▸ Description of the task:
Each entry needs to be copied exactly, with nothing left out.

▸ Input data:

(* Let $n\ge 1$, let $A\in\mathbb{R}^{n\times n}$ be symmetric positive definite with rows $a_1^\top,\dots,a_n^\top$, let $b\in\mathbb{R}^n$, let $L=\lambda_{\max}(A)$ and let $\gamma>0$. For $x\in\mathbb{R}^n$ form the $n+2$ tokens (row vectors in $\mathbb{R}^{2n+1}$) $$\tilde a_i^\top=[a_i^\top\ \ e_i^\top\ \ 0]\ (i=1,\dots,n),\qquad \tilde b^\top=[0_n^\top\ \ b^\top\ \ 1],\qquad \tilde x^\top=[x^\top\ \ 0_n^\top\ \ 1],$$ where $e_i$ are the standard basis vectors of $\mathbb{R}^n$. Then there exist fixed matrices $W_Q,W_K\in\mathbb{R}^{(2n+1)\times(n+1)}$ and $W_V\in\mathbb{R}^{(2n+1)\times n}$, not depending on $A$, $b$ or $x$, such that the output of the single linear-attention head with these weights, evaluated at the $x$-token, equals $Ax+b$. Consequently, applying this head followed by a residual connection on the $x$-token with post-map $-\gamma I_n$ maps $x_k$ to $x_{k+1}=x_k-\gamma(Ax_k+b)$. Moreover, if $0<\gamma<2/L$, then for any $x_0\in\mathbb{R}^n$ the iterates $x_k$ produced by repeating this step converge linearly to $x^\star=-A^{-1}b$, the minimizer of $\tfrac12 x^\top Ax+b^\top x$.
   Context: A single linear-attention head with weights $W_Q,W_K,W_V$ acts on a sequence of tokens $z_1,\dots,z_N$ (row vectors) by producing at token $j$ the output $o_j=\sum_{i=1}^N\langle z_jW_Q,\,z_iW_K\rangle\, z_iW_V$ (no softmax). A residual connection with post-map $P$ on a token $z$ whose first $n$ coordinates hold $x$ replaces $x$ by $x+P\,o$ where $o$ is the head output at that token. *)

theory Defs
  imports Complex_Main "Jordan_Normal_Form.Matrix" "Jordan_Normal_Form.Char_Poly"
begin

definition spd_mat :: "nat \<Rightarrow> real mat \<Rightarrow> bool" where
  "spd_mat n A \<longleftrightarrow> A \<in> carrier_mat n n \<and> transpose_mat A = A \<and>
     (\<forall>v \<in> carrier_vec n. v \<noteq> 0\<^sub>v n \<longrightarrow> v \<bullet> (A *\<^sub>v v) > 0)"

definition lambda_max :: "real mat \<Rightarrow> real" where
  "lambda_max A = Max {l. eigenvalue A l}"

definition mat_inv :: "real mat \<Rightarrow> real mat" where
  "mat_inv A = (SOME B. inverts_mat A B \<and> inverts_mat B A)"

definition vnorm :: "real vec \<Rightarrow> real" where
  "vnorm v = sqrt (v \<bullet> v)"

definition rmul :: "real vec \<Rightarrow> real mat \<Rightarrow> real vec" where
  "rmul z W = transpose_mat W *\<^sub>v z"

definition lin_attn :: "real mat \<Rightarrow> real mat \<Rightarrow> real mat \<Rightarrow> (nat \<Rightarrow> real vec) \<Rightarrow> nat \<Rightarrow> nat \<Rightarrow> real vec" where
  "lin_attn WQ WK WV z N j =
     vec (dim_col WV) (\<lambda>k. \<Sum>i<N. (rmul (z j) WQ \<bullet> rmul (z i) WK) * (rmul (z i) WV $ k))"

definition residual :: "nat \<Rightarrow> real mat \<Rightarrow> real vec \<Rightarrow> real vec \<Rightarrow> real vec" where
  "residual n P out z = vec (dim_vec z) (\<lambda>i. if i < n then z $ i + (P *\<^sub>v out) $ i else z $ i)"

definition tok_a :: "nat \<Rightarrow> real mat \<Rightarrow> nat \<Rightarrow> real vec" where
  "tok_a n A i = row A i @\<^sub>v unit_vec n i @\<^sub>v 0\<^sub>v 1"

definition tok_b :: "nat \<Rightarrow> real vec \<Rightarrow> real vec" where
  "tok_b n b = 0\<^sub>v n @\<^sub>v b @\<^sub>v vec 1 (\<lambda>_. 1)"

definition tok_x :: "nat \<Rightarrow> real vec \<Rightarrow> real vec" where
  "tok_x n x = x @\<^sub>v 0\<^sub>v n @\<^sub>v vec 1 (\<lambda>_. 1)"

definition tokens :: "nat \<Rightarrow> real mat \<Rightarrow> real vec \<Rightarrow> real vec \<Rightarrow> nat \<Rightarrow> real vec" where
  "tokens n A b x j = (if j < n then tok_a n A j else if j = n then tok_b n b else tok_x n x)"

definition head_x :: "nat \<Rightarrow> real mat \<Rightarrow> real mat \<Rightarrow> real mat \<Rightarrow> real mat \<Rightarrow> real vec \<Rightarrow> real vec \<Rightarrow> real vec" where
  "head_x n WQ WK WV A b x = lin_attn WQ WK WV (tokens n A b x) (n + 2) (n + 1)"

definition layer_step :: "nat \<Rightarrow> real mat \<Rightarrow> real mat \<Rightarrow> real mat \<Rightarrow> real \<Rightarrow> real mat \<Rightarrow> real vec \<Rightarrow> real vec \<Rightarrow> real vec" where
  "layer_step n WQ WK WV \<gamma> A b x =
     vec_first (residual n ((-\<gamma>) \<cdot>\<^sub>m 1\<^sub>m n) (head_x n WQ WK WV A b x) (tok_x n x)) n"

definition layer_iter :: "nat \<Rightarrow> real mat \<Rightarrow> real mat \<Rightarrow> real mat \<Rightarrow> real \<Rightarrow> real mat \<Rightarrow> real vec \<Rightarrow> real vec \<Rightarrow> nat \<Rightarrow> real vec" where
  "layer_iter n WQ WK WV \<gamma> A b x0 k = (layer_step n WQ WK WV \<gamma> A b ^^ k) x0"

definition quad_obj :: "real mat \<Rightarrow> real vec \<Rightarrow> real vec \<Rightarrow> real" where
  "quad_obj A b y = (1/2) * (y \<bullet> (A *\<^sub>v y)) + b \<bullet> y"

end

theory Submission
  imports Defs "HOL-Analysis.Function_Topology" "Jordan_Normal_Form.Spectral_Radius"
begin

▸ Answer area:
(* Let $n\ge 1$, let $A\in\mathbb{R}^{n\times n}$ be symmetric positive definite with rows $a_1^\top,\dots,a_n^\top$, let $b\in\mathbb{R}^n$, let $L=\lambda_{\max}(A)$ and let $\gamma>0$. For $x\in\mathbb{R}^n$ form the $n+2$ tokens (row vectors in $\mathbb{R}^{2n+1}$) $$\tilde a_i^\top=[a_i^\top\ \ e_i^\top\ \ 0]\ (i=1,\dots,n),\qquad \tilde b^\top=[0_n^\top\ \ b^\top\ \ 1],\qquad \tilde x^\top=[x^\top\ \ 0_n^\top\ \ 1],$$ where $e_i$ are the standard basis vectors of $\mathbb{R}^n$. Then there exist fixed matrices $W_Q,W_K\in\mathbb{R}^{(2n+1)\times(n+1)}$ and $W_V\in\mathbb{R}^{(2n+1)\times n}$, not depending on $A$, $b$ or $x$, such that the output of the single linear-attention head with these weights, evaluated at the $x$-token, equals $Ax+b$. Consequently, applying this head followed by a residual connection on the $x$-token with post-map $-\gamma I_n$ maps $x_k$ to $x_{k+1}=x_k-\gamma(Ax_k+b)$. Moreover, if $0<\gamma<2/L$, then for any $x_0\in\mathbb{R}^n$ the iterates $x_k$ produced by repeating this step converge linearly to $x^\star=-A^{-1}b$, the minimizer of $\tfrac12 x^\top Ax+b^\top x$.
   Context: A single linear-attention head with weights $W_Q,W_K,W_V$ acts on a sequence of tokens $z_1,\dots,z_N$ (row vectors) by producing at token $j$ the output $o_j=\sum_{i=1}^N\langle z_jW_Q,\,z_iW_K\rangle\, z_iW_V$ (no softmax). A residual connection with post-map $P$ on a token $z$ whose first $n$ coordinates hold $x$ replaces $x$ by $x+P\,o$ where $o$ is the head output at that token. *)

theory Defs
  imports Complex_Main "Jordan_Normal_Form.Matrix" "Jordan_Normal_Form.Char_Poly"
begin

definition spd_mat :: "nat \<Rightarrow> real mat \<Rightarrow> bool" where
  "spd_mat n A \<longleftrightarrow> A \<in> carrier_mat n n \<and> transpose_mat A = A \<and>
     (\<forall>v \<in> carrier_vec n. v \<noteq> 0\<^sub>v n \<longrightarrow> v \<bullet> (A *\<^sub>v v) > 0)"

definition lambda_max :: "real mat \<Rightarrow> real" where
  "lambda_max A = Max {l. eigenvalue A l}"

definition mat_inv :: "real mat \<Rightarrow> real mat" where
  "mat_inv A = (SOME B. inverts_mat A B \<and> inverts_mat B A)"

definition vnorm :: "real vec \<Rightarrow> real" where
  "vnorm v = sqrt (v \<bullet> v)"

definition rmul :: "real vec \<Rightarrow> real mat \<Rightarrow> real vec" where
  "rmul z W = transpose_mat W *\<^sub>v z"

definition lin_attn :: "real mat \<Rightarrow> real mat \<Rightarrow> real mat \<Rightarrow> (nat \<Rightarrow> real vec) \<Rightarrow> nat \<Rightarrow> nat \<Rightarrow> real vec" where
  "lin_attn WQ WK WV z N j =
     vec (dim_col WV) (\<lambda>k. \<Sum>i<N. (rmul (z j) WQ \<bullet> rmul (z i) WK) * (rmul (z i) WV $ k))"

definition residual :: "nat \<Rightarrow> real mat \<Rightarrow> real vec \<Rightarrow> real vec \<Rightarrow> real vec" where
  "residual n P out z = vec (dim_vec z) (\<lambda>i. if i < n then z $ i + (P *\<^sub>v out) $ i else z $ i)"

definition tok_a :: "nat \<Rightarrow> real mat \<Rightarrow> nat \<Rightarrow> real vec" where
  "tok_a n A i = row A i @\<^sub>v unit_vec n i @\<^sub>v 0\<^sub>v 1"

definition tok_b :: "nat \<Rightarrow> real vec \<Rightarrow> real vec" where
  "tok_b n b = 0\<^sub>v n @\<^sub>v b @\<^sub>v vec 1 (\<lambda>_. 1)"

definition tok_x :: "nat \<Rightarrow> real vec \<Rightarrow> real vec" where
  "tok_x n x = x @\<^sub>v 0\<^sub>v n @\<^sub>v vec 1 (\<lambda>_. 1)"

definition tokens :: "nat \<Rightarrow> real mat \<Rightarrow> real vec \<Rightarrow> real vec \<Rightarrow> nat \<Rightarrow> real vec" where
  "tokens n A b x j = (if j < n then tok_a n A j else if j = n then tok_b n b else tok_x n x)"

definition head_x :: "nat \<Rightarrow> real mat \<Rightarrow> real mat \<Rightarrow> real mat \<Rightarrow> real mat \<Rightarrow> real vec \<Rightarrow> real vec \<Rightarrow> real vec" where
  "head_x n WQ WK WV A b x = lin_attn WQ WK WV (tokens n A b x) (n + 2) (n + 1)"

definition layer_step :: "nat \<Rightarrow> real mat \<Rightarrow> real mat \<Rightarrow> real mat \<Rightarrow> real \<Rightarrow> real mat \<Rightarrow> real vec \<Rightarrow> real vec \<Rightarrow> real vec" where
  "layer_step n WQ WK WV \<gamma> A b x =
     vec_first (residual n ((-\<gamma>) \<cdot>\<^sub>m 1\<^sub>m n) (head_x n WQ WK WV A b x) (tok_x n x)) n"

definition layer_iter :: "nat \<Rightarrow> real mat \<Rightarrow> real mat \<Rightarrow> real mat \<Rightarrow> real \<Rightarrow> real mat \<Rightarrow> real vec \<Rightarrow> real vec \<Rightarrow> nat \<Rightarrow> real vec" where
  "layer_iter n WQ WK WV \<gamma> A b x0 k = (layer_step n WQ WK WV \<gamma> A b ^^ k) x0"

definition quad_obj :: "real mat \<Rightarrow> real vec \<Rightarrow> real vec \<Rightarrow> real" where
  "quad_obj A b y = (1/2) * (y \<bullet> (A *\<^sub>v y)) + b \<bullet> y"

end

theory Submission
  imports Defs "HOL-Analysis.Function_Topology" "Jordan_Normal_Form.Spectral_Radius"
begin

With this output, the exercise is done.